◆ TASK: Once the line containing "(\<chi> j. frechet_derivative" has been copied, stop; copy every line before it exactly, beginning with the first line of the material below.

[GIVEN DATA — start]

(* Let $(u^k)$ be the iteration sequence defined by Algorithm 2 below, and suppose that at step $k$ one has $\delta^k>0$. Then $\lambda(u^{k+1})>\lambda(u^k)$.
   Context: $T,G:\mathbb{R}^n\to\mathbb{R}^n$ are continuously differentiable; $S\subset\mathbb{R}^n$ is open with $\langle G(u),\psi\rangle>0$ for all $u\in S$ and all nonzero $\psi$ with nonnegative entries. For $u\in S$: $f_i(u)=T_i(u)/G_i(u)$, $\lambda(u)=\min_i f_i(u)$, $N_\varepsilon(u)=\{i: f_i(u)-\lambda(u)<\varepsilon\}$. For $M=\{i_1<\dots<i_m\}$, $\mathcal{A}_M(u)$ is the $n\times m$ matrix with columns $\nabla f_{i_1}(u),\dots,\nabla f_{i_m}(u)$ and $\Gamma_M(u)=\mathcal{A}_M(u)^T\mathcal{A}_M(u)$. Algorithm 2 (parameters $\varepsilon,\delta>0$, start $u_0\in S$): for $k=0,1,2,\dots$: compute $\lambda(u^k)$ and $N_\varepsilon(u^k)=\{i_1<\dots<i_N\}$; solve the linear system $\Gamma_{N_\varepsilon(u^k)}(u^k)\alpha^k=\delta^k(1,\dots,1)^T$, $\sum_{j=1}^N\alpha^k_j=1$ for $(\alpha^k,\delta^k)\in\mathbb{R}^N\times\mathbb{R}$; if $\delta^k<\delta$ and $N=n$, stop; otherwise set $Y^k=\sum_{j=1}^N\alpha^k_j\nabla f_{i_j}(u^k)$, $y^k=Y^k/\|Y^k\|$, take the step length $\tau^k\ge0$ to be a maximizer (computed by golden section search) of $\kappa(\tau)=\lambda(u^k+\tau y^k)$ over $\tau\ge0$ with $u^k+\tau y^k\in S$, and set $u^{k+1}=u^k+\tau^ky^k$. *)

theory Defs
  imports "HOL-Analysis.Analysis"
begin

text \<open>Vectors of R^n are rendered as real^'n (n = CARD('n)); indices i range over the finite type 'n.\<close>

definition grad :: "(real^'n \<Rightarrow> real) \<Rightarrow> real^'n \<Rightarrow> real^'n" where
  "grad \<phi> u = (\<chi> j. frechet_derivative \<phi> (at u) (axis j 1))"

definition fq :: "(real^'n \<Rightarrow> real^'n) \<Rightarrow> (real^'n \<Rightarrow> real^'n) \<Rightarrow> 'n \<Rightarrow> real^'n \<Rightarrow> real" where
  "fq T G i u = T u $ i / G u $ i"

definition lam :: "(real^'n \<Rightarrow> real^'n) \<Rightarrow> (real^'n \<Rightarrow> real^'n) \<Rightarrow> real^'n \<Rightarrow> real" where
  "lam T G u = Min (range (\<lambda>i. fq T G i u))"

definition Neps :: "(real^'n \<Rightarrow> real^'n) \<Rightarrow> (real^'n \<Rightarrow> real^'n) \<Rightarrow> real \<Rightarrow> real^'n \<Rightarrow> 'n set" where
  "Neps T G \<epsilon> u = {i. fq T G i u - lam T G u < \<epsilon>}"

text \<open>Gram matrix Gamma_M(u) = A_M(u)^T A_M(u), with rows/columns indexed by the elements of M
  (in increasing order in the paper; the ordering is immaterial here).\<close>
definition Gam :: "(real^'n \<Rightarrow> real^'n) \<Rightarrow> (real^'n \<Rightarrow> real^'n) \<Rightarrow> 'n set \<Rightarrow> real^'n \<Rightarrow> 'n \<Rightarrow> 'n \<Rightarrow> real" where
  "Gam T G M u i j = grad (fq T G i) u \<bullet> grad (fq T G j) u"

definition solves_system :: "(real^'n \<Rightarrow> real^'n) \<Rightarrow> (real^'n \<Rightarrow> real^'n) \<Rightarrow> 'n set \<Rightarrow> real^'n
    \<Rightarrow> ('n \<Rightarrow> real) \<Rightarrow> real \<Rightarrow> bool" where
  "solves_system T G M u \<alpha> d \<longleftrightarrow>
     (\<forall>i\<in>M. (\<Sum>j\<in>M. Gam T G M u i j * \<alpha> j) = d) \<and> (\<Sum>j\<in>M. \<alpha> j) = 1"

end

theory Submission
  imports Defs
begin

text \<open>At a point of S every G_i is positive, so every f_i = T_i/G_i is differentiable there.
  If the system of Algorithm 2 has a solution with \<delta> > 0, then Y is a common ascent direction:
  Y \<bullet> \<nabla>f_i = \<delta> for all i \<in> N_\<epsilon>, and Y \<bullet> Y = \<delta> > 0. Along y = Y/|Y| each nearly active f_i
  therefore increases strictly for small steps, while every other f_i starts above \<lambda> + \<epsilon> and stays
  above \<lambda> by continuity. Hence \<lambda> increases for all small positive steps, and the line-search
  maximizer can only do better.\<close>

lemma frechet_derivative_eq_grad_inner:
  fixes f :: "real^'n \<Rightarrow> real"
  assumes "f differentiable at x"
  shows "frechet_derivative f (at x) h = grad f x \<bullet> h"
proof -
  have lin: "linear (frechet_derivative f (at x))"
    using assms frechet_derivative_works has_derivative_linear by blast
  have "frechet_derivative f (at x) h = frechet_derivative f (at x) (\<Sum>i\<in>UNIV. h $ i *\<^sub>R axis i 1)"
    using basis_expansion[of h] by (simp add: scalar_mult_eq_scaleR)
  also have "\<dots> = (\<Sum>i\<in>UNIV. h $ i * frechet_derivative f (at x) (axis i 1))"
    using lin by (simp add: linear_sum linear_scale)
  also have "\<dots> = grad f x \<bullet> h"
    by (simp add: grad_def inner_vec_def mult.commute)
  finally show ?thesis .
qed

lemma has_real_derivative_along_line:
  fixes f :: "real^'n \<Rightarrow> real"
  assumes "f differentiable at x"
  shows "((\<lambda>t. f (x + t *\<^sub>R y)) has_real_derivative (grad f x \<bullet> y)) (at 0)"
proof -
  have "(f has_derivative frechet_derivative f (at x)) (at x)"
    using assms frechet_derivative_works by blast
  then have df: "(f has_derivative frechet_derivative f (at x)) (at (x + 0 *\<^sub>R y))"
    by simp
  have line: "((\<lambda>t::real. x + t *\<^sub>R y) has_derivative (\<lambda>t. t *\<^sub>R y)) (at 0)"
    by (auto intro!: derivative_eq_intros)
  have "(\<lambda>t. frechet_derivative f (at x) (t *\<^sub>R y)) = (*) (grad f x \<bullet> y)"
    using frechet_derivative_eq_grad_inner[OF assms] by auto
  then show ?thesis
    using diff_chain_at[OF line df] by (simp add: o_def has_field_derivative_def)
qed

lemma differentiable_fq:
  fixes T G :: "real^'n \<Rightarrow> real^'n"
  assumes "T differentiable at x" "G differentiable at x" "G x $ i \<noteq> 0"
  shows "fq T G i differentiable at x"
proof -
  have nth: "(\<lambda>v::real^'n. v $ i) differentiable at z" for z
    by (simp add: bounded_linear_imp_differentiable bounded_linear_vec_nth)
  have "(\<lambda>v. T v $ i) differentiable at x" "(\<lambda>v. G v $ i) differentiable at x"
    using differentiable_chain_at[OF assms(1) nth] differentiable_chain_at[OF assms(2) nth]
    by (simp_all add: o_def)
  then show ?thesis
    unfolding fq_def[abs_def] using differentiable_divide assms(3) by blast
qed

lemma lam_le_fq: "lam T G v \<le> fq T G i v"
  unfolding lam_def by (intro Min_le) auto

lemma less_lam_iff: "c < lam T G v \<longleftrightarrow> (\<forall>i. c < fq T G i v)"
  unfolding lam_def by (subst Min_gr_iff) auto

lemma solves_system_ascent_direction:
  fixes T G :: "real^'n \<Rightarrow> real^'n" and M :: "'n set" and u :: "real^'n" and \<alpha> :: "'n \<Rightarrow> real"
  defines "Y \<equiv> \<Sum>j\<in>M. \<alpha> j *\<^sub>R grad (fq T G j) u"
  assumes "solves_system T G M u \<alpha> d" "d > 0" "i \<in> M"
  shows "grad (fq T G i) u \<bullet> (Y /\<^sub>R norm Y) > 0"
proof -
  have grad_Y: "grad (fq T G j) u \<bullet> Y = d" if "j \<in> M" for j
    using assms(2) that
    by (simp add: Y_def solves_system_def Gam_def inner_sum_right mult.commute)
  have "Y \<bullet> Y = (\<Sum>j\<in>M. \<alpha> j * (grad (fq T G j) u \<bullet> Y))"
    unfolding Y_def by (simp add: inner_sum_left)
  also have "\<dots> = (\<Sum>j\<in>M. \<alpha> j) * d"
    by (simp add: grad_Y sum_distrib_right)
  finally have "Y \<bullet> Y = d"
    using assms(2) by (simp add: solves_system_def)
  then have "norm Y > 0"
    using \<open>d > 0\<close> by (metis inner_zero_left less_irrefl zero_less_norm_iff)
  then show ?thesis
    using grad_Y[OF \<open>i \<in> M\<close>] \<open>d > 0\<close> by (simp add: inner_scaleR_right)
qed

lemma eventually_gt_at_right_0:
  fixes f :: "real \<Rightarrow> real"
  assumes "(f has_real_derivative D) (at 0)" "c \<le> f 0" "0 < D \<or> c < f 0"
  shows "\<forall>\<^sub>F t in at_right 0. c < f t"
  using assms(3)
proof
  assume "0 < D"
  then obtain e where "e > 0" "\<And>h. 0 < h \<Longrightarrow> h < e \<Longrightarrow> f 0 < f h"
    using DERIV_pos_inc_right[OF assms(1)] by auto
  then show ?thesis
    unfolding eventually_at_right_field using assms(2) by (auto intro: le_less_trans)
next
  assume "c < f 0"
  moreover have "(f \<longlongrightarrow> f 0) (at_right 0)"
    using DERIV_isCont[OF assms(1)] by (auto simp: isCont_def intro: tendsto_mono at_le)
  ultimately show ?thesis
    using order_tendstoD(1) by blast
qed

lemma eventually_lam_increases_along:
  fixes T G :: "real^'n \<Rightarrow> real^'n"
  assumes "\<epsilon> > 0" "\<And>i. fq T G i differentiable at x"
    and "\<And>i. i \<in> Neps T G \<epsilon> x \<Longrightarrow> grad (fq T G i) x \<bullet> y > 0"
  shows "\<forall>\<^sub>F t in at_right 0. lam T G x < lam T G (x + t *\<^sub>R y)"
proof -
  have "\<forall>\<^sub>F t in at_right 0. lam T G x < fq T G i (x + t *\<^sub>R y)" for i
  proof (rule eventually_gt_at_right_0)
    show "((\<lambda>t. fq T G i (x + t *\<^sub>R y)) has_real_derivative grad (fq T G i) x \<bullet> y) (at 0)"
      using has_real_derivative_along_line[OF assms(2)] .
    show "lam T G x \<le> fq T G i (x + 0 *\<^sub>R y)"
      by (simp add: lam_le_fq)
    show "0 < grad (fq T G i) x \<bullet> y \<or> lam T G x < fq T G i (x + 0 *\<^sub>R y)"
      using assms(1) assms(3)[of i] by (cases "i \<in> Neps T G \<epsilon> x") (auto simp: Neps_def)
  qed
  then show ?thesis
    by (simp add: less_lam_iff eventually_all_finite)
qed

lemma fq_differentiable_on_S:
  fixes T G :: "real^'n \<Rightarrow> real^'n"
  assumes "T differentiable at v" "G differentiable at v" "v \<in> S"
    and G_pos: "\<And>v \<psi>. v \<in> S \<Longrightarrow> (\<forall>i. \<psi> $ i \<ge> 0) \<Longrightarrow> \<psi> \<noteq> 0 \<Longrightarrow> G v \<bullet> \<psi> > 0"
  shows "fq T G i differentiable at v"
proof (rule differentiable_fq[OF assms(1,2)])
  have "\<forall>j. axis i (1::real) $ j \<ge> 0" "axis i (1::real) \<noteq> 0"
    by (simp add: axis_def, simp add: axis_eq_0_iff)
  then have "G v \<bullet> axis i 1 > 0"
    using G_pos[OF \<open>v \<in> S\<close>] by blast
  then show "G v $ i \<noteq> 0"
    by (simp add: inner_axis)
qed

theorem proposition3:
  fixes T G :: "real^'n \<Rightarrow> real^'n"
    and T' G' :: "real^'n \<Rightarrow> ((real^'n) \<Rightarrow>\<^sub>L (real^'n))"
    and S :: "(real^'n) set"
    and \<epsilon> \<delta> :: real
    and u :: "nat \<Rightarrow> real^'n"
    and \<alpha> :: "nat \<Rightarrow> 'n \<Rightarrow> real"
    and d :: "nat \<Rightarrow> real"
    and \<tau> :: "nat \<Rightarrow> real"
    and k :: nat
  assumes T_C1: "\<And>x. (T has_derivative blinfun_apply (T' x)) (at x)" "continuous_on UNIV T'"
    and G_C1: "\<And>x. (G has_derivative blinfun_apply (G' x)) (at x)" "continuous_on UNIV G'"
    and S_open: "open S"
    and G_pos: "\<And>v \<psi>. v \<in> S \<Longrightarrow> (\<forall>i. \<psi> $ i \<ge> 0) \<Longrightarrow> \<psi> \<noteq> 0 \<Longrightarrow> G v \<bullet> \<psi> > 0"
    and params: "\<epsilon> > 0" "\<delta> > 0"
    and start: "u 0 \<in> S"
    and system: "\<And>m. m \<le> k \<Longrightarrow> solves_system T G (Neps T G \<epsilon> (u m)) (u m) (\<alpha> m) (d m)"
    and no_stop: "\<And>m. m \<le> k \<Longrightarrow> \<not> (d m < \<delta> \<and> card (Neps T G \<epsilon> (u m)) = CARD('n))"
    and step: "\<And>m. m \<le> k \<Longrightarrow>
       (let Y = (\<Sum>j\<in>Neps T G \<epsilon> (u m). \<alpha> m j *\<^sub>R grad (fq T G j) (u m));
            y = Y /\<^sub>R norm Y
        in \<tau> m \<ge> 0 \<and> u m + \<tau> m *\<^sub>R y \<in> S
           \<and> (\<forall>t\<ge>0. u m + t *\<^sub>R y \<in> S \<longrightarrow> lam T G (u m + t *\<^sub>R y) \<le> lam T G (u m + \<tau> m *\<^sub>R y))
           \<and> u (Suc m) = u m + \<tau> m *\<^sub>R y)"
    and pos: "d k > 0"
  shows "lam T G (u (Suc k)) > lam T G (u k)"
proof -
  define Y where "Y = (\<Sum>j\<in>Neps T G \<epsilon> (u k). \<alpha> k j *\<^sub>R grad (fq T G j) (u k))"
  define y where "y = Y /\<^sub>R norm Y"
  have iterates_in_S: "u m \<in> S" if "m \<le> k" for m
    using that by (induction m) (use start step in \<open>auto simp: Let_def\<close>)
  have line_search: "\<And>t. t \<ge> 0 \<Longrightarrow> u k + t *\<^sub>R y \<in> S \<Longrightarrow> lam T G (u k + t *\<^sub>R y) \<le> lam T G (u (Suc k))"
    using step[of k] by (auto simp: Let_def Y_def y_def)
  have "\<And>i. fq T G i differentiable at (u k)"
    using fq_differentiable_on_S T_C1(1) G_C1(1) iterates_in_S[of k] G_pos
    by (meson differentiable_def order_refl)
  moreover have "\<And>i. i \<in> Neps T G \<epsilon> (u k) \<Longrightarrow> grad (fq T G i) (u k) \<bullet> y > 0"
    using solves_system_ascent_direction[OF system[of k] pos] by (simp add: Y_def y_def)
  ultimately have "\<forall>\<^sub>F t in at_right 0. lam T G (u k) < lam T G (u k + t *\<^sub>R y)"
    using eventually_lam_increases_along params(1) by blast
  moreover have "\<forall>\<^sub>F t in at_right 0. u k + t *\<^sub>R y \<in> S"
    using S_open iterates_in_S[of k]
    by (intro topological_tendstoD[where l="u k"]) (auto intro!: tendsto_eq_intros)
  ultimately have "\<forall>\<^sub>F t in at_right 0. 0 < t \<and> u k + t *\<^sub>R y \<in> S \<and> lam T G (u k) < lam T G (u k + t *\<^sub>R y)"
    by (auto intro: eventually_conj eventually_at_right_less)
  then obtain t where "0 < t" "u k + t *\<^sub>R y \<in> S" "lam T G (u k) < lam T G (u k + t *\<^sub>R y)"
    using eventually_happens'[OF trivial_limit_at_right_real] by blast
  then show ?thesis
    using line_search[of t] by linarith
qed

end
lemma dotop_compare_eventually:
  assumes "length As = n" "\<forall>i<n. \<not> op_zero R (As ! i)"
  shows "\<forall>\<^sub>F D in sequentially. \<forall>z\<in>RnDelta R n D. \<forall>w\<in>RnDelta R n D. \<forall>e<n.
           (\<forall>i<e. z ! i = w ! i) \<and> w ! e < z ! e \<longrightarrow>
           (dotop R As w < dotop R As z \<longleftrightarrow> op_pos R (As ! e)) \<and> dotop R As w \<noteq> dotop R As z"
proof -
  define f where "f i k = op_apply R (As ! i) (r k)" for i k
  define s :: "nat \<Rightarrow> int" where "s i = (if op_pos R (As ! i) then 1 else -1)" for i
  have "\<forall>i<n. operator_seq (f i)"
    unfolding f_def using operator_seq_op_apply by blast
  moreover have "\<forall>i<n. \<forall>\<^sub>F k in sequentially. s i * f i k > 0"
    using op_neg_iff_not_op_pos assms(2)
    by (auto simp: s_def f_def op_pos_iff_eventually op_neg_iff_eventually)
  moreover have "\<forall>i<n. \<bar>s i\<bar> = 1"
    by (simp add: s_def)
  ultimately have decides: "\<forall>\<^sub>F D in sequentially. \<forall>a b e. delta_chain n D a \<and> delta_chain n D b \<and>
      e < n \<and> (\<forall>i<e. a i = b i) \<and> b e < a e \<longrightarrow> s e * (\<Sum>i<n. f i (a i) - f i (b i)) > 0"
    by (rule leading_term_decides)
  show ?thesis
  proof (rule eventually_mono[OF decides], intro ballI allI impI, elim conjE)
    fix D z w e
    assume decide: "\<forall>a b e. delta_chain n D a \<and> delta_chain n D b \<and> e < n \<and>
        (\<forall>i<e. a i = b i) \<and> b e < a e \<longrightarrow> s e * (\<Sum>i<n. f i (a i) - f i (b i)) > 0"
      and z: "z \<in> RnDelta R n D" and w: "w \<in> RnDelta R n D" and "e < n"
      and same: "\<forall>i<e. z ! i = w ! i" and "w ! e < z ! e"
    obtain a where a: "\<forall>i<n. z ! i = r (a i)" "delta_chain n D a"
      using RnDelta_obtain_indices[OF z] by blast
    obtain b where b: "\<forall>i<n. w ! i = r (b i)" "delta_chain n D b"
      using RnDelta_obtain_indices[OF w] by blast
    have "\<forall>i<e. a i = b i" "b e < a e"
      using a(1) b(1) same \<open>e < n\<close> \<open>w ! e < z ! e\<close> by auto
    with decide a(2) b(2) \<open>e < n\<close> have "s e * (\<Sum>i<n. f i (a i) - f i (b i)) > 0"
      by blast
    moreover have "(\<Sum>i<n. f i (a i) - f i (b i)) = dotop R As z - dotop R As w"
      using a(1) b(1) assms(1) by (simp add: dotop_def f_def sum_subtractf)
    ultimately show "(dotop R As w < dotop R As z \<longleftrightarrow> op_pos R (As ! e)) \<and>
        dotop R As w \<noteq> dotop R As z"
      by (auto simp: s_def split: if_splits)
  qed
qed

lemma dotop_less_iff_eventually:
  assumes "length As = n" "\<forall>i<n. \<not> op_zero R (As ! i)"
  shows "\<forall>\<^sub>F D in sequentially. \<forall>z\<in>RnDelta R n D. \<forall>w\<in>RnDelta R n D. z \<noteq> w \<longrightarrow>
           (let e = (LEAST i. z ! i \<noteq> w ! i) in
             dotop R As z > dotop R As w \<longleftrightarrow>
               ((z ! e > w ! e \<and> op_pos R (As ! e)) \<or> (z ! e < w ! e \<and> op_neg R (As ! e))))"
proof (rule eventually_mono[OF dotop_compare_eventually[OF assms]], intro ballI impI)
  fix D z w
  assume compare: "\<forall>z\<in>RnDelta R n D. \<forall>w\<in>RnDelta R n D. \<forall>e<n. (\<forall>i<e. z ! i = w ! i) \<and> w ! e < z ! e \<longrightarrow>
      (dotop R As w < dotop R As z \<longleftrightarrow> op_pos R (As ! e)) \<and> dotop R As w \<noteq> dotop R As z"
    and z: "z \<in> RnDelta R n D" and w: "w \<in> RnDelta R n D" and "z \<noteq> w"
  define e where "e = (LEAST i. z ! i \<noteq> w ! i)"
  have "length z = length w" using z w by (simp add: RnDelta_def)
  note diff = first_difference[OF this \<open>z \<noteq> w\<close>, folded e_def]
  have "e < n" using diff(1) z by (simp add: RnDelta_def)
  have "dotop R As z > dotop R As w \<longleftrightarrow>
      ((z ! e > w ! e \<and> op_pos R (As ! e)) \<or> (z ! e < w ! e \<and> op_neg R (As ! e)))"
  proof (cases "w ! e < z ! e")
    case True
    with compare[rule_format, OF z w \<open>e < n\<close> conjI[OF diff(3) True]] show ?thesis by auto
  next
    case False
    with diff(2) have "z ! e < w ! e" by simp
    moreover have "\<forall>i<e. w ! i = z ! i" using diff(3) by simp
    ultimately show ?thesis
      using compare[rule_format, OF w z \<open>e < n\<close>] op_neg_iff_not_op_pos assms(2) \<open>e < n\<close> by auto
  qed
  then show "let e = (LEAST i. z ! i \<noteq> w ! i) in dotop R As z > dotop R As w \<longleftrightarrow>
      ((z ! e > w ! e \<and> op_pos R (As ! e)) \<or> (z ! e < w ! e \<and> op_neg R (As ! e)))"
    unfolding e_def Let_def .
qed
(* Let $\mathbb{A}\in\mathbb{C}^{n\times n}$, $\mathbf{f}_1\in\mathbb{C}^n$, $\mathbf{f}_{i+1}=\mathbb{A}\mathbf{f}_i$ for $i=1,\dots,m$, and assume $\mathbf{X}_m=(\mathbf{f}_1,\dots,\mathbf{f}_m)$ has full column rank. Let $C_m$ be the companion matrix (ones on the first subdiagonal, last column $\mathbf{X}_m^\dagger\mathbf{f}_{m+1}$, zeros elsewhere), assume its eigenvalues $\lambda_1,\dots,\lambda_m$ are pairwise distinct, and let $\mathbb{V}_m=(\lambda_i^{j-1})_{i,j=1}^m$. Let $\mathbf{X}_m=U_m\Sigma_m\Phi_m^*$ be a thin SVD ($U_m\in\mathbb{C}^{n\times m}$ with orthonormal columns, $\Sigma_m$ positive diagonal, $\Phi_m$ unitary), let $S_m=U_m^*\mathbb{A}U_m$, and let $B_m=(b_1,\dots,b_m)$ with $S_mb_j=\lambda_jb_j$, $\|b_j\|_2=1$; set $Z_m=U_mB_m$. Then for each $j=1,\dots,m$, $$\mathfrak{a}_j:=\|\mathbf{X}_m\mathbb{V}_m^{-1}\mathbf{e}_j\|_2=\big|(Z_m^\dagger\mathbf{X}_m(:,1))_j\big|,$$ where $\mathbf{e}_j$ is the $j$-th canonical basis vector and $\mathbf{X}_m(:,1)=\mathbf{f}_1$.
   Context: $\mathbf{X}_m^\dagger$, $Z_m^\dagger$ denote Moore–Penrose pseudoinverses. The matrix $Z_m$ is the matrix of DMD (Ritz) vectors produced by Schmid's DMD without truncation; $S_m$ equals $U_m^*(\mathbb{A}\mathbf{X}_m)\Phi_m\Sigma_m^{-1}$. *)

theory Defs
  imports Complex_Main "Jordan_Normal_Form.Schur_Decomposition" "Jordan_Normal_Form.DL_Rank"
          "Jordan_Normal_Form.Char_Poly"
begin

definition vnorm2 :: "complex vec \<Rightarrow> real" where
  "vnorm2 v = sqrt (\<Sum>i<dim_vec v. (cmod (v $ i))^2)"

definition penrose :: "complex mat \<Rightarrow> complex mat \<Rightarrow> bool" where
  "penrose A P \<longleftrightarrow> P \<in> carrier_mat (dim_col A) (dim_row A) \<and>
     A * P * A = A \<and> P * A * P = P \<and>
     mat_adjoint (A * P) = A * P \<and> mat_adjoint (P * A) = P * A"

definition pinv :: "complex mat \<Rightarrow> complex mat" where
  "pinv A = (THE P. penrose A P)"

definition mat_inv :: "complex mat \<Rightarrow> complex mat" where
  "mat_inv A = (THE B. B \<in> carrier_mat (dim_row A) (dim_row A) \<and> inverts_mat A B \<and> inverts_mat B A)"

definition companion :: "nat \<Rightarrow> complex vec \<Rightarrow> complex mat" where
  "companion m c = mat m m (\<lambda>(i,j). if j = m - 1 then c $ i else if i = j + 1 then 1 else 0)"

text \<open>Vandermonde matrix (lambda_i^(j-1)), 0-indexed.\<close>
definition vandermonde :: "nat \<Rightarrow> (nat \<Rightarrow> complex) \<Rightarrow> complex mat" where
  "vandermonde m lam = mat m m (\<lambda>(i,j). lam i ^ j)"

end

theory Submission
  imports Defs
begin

[GIVEN DATA — finish]

◆ ANSWER BOX:
(* Let $(u^k)$ be the iteration sequence defined by Algorithm 2 below, and suppose that at step $k$ one has $\delta^k>0$. Then $\lambda(u^{k+1})>\lambda(u^k)$.
   Context: $T,G:\mathbb{R}^n\to\mathbb{R}^n$ are continuously differentiable; $S\subset\mathbb{R}^n$ is open with $\langle G(u),\psi\rangle>0$ for all $u\in S$ and all nonzero $\psi$ with nonnegative entries. For $u\in S$: $f_i(u)=T_i(u)/G_i(u)$, $\lambda(u)=\min_i f_i(u)$, $N_\varepsilon(u)=\{i: f_i(u)-\lambda(u)<\varepsilon\}$. For $M=\{i_1<\dots<i_m\}$, $\mathcal{A}_M(u)$ is the $n\times m$ matrix with columns $\nabla f_{i_1}(u),\dots,\nabla f_{i_m}(u)$ and $\Gamma_M(u)=\mathcal{A}_M(u)^T\mathcal{A}_M(u)$. Algorithm 2 (parameters $\varepsilon,\delta>0$, start $u_0\in S$): for $k=0,1,2,\dots$: compute $\lambda(u^k)$ and $N_\varepsilon(u^k)=\{i_1<\dots<i_N\}$; solve the linear system $\Gamma_{N_\varepsilon(u^k)}(u^k)\alpha^k=\delta^k(1,\dots,1)^T$, $\sum_{j=1}^N\alpha^k_j=1$ for $(\alpha^k,\delta^k)\in\mathbb{R}^N\times\mathbb{R}$; if $\delta^k<\delta$ and $N=n$, stop; otherwise set $Y^k=\sum_{j=1}^N\alpha^k_j\nabla f_{i_j}(u^k)$, $y^k=Y^k/\|Y^k\|$, take the step length $\tau^k\ge0$ to be a maximizer (computed by golden section search) of $\kappa(\tau)=\lambda(u^k+\tau y^k)$ over $\tau\ge0$ with $u^k+\tau y^k\in S$, and set $u^{k+1}=u^k+\tau^ky^k$. *)

theory Defs
  imports "HOL-Analysis.Analysis"
begin

text \<open>Vectors of R^n are rendered as real^'n (n = CARD('n)); indices i range over the finite type 'n.\<close>

definition grad :: "(real^'n \<Rightarrow> real) \<Rightarrow> real^'n \<Rightarrow> real^'n" where
  "grad \<phi> u = (\<chi> j. frechet_derivative \<phi> (at u) (axis j 1))"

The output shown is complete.